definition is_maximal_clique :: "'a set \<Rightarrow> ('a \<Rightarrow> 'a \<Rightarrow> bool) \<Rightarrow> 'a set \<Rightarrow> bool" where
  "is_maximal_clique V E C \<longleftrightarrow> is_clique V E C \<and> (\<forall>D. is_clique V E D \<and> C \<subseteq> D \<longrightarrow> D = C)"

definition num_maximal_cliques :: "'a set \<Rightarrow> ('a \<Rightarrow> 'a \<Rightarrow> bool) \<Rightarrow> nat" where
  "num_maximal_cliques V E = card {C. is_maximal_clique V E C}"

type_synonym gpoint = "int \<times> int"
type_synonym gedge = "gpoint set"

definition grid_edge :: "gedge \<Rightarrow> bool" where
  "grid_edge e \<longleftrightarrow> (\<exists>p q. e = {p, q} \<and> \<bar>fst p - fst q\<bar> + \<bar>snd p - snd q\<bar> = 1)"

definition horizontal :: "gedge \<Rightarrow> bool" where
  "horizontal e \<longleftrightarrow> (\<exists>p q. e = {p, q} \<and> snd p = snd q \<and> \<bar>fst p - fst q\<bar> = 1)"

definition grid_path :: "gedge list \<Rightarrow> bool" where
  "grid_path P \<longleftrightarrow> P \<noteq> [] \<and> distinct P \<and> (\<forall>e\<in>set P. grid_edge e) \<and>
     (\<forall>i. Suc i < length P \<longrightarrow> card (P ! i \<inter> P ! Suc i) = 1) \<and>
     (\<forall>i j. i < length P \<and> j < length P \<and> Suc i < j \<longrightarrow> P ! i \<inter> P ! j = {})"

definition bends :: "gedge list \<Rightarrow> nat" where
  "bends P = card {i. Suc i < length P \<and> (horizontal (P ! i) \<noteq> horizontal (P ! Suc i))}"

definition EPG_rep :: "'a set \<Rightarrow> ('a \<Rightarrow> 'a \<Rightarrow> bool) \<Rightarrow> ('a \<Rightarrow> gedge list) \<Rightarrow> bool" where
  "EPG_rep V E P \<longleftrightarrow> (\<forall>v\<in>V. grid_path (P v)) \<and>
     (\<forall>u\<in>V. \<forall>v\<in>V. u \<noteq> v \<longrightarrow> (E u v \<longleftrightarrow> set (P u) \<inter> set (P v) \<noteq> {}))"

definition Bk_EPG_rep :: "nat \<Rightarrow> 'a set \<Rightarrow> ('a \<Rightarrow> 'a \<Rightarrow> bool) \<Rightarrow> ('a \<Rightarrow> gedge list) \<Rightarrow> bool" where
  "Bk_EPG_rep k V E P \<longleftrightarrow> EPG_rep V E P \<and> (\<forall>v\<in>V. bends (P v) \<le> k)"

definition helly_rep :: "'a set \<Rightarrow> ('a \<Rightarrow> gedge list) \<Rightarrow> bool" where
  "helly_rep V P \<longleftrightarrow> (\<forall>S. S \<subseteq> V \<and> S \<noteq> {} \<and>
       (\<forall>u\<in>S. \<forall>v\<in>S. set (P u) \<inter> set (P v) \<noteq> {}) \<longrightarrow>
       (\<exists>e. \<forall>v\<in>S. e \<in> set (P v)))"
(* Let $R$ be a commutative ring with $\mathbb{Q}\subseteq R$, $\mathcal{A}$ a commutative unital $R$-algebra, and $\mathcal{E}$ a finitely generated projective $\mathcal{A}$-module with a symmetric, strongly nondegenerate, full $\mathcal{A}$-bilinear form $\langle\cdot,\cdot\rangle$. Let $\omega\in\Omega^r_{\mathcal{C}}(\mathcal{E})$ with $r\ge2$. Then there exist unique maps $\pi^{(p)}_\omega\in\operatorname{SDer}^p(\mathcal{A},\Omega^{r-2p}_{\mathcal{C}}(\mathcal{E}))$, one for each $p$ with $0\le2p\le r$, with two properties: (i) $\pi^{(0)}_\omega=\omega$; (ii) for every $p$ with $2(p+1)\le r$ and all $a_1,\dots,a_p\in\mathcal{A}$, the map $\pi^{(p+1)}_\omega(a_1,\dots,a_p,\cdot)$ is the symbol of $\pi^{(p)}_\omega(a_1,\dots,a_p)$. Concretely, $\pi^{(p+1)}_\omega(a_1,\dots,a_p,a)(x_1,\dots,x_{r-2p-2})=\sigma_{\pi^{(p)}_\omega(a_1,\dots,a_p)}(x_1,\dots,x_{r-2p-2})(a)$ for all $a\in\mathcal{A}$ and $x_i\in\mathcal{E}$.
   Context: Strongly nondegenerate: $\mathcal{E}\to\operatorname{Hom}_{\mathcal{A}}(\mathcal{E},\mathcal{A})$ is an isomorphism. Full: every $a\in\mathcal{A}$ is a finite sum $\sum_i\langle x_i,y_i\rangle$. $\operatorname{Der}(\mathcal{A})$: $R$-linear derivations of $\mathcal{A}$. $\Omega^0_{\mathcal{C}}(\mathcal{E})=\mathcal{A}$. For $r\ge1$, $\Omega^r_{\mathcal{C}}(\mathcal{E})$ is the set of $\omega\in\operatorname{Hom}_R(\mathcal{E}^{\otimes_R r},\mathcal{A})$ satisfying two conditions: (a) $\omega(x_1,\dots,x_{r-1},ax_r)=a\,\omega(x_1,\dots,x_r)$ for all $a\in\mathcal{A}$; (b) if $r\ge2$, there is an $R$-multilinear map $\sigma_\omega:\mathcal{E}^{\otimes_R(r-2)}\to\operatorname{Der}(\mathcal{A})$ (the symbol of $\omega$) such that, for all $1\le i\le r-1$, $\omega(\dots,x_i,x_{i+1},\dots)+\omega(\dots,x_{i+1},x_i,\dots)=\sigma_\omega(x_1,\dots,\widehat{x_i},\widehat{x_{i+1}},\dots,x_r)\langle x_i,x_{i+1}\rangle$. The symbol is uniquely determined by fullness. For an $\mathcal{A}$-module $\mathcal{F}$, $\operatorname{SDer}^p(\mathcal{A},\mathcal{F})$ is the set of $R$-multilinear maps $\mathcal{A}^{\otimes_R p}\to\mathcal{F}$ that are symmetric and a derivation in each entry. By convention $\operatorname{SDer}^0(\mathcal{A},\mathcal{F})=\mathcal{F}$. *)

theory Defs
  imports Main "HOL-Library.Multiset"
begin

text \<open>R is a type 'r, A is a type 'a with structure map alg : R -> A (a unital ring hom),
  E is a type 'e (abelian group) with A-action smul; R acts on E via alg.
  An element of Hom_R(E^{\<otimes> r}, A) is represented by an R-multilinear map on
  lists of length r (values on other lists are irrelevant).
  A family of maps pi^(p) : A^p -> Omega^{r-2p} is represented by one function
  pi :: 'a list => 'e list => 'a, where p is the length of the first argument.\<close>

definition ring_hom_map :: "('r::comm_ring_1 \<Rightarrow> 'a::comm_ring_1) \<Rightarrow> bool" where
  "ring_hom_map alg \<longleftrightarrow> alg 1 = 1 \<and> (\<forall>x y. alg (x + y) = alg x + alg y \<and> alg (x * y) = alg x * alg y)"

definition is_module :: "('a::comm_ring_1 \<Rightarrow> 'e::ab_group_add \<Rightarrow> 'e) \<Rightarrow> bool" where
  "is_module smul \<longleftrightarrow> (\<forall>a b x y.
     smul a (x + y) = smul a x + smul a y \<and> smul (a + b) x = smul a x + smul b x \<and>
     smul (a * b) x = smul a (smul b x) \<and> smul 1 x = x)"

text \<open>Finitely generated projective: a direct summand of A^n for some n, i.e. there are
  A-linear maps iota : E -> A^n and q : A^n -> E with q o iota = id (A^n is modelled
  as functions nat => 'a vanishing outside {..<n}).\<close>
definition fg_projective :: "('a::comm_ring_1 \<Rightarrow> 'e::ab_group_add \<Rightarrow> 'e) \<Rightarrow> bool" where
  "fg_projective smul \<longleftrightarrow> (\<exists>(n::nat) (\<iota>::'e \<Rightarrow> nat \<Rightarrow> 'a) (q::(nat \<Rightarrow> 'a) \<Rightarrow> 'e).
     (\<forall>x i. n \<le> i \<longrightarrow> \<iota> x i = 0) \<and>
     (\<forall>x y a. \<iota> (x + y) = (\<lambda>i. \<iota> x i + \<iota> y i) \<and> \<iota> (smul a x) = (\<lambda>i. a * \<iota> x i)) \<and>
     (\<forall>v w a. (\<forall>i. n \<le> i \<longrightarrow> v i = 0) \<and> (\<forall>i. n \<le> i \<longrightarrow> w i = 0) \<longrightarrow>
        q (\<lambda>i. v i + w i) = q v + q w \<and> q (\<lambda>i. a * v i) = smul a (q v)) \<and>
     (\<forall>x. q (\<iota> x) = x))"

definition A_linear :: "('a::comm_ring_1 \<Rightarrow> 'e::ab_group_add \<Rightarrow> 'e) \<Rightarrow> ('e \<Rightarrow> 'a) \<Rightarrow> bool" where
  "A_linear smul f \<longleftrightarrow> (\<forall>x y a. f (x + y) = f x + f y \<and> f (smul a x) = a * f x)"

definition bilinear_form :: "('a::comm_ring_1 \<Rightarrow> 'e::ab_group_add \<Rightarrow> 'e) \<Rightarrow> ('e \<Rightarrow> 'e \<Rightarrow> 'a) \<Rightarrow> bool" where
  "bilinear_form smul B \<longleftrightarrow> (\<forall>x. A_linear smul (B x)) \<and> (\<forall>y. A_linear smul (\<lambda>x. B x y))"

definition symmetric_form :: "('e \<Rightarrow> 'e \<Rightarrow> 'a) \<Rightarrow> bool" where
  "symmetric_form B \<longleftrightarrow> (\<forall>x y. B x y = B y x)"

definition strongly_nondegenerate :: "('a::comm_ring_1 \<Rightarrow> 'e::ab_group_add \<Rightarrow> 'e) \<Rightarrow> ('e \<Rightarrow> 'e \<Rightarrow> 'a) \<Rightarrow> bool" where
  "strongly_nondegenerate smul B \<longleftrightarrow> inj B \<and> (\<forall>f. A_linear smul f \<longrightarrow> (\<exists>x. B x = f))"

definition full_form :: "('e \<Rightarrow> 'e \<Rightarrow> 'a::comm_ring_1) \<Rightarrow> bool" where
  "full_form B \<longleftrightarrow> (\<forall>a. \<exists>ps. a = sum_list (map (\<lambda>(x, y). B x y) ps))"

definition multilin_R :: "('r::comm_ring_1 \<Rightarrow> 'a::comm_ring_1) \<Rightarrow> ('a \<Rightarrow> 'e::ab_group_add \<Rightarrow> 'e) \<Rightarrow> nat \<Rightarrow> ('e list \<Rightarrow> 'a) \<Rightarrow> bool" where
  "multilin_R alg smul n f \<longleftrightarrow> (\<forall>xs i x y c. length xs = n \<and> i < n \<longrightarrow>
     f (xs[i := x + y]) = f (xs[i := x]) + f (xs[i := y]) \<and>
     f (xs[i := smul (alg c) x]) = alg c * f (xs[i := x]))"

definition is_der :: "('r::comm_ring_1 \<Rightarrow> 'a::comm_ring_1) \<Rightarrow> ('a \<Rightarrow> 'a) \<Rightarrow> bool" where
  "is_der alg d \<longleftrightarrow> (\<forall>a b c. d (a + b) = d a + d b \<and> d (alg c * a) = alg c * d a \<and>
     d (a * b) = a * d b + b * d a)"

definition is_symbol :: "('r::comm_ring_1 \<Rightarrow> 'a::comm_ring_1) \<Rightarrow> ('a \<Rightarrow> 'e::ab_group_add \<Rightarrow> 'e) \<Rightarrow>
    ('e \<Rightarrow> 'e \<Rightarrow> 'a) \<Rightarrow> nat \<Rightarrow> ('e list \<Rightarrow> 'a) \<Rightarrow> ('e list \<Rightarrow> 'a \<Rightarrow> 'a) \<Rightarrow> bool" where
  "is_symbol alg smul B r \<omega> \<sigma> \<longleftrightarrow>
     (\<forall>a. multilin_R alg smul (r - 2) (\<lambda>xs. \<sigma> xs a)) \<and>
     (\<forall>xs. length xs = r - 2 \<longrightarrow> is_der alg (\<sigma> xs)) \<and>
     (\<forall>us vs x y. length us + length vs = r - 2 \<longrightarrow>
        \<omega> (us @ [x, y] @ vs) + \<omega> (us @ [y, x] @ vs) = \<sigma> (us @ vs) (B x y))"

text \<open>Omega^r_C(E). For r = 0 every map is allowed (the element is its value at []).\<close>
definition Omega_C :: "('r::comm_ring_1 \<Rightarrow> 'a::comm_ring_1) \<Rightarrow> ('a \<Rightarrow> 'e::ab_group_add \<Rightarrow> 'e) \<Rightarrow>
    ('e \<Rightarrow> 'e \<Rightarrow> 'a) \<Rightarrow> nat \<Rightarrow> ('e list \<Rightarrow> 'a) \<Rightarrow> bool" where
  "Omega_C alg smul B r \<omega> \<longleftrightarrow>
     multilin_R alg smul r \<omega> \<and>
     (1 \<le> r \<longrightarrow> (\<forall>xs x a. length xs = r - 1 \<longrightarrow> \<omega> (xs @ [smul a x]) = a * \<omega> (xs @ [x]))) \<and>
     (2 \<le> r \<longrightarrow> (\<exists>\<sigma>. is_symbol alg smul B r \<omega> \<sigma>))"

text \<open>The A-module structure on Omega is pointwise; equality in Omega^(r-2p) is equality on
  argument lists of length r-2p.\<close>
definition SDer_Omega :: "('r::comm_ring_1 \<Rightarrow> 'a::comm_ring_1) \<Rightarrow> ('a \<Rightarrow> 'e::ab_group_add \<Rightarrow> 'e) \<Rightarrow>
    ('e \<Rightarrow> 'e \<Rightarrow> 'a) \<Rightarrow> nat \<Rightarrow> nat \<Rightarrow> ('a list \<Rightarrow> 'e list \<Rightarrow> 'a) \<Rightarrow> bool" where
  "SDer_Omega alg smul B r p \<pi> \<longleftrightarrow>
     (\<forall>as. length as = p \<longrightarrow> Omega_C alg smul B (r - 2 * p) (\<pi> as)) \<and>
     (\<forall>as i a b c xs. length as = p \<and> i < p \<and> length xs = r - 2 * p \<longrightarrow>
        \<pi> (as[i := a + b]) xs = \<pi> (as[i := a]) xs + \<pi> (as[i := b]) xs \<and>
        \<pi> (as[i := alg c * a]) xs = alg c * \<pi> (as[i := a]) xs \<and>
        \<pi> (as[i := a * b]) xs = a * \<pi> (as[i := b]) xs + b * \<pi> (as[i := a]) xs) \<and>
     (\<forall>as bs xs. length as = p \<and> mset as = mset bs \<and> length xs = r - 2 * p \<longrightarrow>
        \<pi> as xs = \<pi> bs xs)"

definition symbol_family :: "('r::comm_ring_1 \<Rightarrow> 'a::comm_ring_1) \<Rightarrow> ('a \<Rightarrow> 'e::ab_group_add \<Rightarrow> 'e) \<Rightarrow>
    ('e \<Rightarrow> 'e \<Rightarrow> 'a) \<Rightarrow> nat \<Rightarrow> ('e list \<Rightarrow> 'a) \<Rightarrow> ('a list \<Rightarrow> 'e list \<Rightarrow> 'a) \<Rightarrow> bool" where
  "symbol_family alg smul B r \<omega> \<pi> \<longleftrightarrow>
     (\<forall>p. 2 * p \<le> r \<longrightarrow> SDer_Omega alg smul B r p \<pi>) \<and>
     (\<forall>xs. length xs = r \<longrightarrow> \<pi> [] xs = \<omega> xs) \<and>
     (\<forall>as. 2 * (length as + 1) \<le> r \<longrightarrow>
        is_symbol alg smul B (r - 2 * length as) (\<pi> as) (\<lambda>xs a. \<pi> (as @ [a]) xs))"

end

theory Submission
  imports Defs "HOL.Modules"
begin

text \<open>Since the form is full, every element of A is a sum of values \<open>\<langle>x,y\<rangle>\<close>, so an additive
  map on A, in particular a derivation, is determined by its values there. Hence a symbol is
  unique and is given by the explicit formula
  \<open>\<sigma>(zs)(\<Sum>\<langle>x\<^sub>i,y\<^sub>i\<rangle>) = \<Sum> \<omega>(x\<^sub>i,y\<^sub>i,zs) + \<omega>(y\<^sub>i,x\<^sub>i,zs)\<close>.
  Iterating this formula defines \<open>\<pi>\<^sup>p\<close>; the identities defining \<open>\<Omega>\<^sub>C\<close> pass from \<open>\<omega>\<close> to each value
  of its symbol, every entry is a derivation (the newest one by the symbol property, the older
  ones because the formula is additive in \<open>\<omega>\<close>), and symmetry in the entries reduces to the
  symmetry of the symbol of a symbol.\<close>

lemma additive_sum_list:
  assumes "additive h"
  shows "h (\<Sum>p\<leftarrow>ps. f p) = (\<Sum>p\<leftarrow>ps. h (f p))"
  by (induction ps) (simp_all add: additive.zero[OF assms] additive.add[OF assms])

What you are asked to do => Find where the line with "as xs = \<pi>" sits in the material above, then copy exactly from it through the line with "list \<Rightarrow> 'a) \<Rightarrow> ('a". Add no other line.

Solution to this task =>
        \<pi> as xs = \<pi> bs xs)"

definition symbol_family :: "('r::comm_ring_1 \<Rightarrow> 'a::comm_ring_1) \<Rightarrow> ('a \<Rightarrow> 'e::ab_group_add \<Rightarrow> 'e) \<Rightarrow>
    ('e \<Rightarrow> 'e \<Rightarrow> 'a) \<Rightarrow> nat \<Rightarrow> ('e list \<Rightarrow> 'a) \<Rightarrow> ('a list \<Rightarrow> 'e list \<Rightarrow> 'a) \<Rightarrow> bool" where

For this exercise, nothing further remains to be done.